[Source data — start]

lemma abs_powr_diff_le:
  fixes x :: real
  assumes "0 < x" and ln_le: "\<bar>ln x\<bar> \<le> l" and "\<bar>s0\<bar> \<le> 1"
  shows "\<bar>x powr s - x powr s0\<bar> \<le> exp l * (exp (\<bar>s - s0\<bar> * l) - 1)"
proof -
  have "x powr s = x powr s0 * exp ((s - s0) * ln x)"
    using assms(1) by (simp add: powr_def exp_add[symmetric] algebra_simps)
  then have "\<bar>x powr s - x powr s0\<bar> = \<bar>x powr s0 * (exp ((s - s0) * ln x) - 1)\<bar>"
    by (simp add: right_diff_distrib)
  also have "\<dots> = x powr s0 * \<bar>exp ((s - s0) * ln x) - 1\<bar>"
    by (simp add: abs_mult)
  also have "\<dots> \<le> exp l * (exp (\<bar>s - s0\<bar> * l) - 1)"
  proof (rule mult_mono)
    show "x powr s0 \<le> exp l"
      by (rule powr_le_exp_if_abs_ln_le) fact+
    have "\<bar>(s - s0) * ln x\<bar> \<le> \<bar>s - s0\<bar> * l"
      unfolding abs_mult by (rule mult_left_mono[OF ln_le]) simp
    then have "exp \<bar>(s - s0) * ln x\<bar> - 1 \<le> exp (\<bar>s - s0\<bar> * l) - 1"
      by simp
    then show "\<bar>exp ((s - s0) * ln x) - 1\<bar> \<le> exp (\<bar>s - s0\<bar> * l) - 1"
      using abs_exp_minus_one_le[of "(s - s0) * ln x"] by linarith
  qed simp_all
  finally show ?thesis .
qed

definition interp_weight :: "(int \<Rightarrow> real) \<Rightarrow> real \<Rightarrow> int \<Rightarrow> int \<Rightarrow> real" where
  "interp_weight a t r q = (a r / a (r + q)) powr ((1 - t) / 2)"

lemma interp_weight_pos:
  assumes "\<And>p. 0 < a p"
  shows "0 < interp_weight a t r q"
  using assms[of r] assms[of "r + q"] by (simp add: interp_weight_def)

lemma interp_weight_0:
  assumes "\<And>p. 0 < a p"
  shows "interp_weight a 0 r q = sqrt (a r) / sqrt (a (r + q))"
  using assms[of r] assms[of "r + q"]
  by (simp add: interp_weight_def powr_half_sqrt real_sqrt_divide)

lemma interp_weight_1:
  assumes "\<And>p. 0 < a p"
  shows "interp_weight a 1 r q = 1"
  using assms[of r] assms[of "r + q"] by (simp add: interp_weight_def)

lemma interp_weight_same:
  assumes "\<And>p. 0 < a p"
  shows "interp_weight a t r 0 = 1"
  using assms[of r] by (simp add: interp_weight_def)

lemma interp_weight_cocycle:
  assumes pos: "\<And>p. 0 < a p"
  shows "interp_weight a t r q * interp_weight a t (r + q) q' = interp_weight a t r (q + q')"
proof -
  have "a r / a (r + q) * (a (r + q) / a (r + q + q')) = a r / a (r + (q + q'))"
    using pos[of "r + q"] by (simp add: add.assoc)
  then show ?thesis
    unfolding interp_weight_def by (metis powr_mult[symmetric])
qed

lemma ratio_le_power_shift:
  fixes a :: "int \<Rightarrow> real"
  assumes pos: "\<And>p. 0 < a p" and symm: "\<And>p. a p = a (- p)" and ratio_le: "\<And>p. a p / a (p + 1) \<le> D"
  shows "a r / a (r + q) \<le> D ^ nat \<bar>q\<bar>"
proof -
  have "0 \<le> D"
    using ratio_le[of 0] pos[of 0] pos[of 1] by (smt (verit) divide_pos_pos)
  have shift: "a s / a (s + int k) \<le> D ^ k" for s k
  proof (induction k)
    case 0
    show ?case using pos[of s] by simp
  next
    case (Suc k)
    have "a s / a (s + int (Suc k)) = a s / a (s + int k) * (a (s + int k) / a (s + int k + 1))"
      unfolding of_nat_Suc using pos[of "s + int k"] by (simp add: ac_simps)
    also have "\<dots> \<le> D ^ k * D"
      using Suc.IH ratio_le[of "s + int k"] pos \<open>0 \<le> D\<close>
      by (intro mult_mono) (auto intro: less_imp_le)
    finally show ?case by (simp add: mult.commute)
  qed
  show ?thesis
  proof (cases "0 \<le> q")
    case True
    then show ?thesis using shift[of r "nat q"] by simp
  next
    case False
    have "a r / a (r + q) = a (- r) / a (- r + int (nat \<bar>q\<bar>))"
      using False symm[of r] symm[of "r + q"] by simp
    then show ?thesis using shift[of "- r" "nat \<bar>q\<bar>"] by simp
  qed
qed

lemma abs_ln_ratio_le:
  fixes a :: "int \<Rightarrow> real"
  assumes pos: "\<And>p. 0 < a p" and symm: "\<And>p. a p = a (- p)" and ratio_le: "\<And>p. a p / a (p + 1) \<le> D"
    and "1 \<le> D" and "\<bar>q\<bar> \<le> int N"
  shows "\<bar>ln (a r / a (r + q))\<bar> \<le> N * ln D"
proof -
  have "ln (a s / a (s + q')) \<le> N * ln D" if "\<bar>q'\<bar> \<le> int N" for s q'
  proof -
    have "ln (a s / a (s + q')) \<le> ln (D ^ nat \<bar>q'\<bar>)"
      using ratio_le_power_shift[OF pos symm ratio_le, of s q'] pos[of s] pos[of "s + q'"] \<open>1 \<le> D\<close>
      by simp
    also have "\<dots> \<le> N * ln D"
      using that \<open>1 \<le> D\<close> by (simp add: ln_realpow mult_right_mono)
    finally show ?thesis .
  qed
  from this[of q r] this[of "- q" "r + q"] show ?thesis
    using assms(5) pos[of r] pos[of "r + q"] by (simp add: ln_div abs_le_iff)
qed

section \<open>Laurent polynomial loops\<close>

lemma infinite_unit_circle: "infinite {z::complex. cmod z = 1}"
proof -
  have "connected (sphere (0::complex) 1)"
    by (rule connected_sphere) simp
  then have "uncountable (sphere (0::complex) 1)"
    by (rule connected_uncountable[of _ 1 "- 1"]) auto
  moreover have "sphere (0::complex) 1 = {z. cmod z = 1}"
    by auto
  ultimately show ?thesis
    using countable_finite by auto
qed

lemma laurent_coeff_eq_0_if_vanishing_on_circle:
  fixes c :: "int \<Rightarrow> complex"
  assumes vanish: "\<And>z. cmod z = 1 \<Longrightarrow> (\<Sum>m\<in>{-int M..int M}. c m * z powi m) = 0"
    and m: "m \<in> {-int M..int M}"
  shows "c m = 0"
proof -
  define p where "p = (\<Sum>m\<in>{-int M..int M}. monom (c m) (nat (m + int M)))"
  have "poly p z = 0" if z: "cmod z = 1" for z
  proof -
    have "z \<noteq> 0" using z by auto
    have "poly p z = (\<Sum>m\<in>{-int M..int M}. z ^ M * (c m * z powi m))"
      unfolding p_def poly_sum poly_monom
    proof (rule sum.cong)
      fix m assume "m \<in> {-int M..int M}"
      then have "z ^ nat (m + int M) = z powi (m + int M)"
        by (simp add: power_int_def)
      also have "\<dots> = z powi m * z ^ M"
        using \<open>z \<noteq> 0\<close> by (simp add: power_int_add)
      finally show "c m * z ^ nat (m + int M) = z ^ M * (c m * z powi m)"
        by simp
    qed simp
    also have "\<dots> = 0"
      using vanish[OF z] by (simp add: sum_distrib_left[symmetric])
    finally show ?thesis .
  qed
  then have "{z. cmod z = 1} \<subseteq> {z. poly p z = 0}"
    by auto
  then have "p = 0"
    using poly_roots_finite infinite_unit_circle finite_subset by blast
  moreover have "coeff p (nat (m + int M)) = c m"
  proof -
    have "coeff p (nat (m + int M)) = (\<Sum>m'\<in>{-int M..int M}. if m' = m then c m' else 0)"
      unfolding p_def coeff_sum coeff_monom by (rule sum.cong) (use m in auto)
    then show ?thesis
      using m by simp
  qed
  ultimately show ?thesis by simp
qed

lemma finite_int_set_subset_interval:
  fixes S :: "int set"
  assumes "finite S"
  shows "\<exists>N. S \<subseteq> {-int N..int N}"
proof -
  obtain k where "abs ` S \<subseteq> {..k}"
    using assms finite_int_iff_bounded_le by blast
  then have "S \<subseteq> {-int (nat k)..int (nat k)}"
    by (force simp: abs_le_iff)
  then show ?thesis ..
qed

[Source data — finish]

» Directions for this task
Only an exact copy of the lines from the beginning of the listing through the line with "powr s0 * exp", both included, belongs in the answer.

» Answer below
lemma abs_powr_diff_le:
  fixes x :: real
  assumes "0 < x" and ln_le: "\<bar>ln x\<bar> \<le> l" and "\<bar>s0\<bar> \<le> 1"
  shows "\<bar>x powr s - x powr s0\<bar> \<le> exp l * (exp (\<bar>s - s0\<bar> * l) - 1)"
proof -
  have "x powr s = x powr s0 * exp ((s - s0) * ln x)"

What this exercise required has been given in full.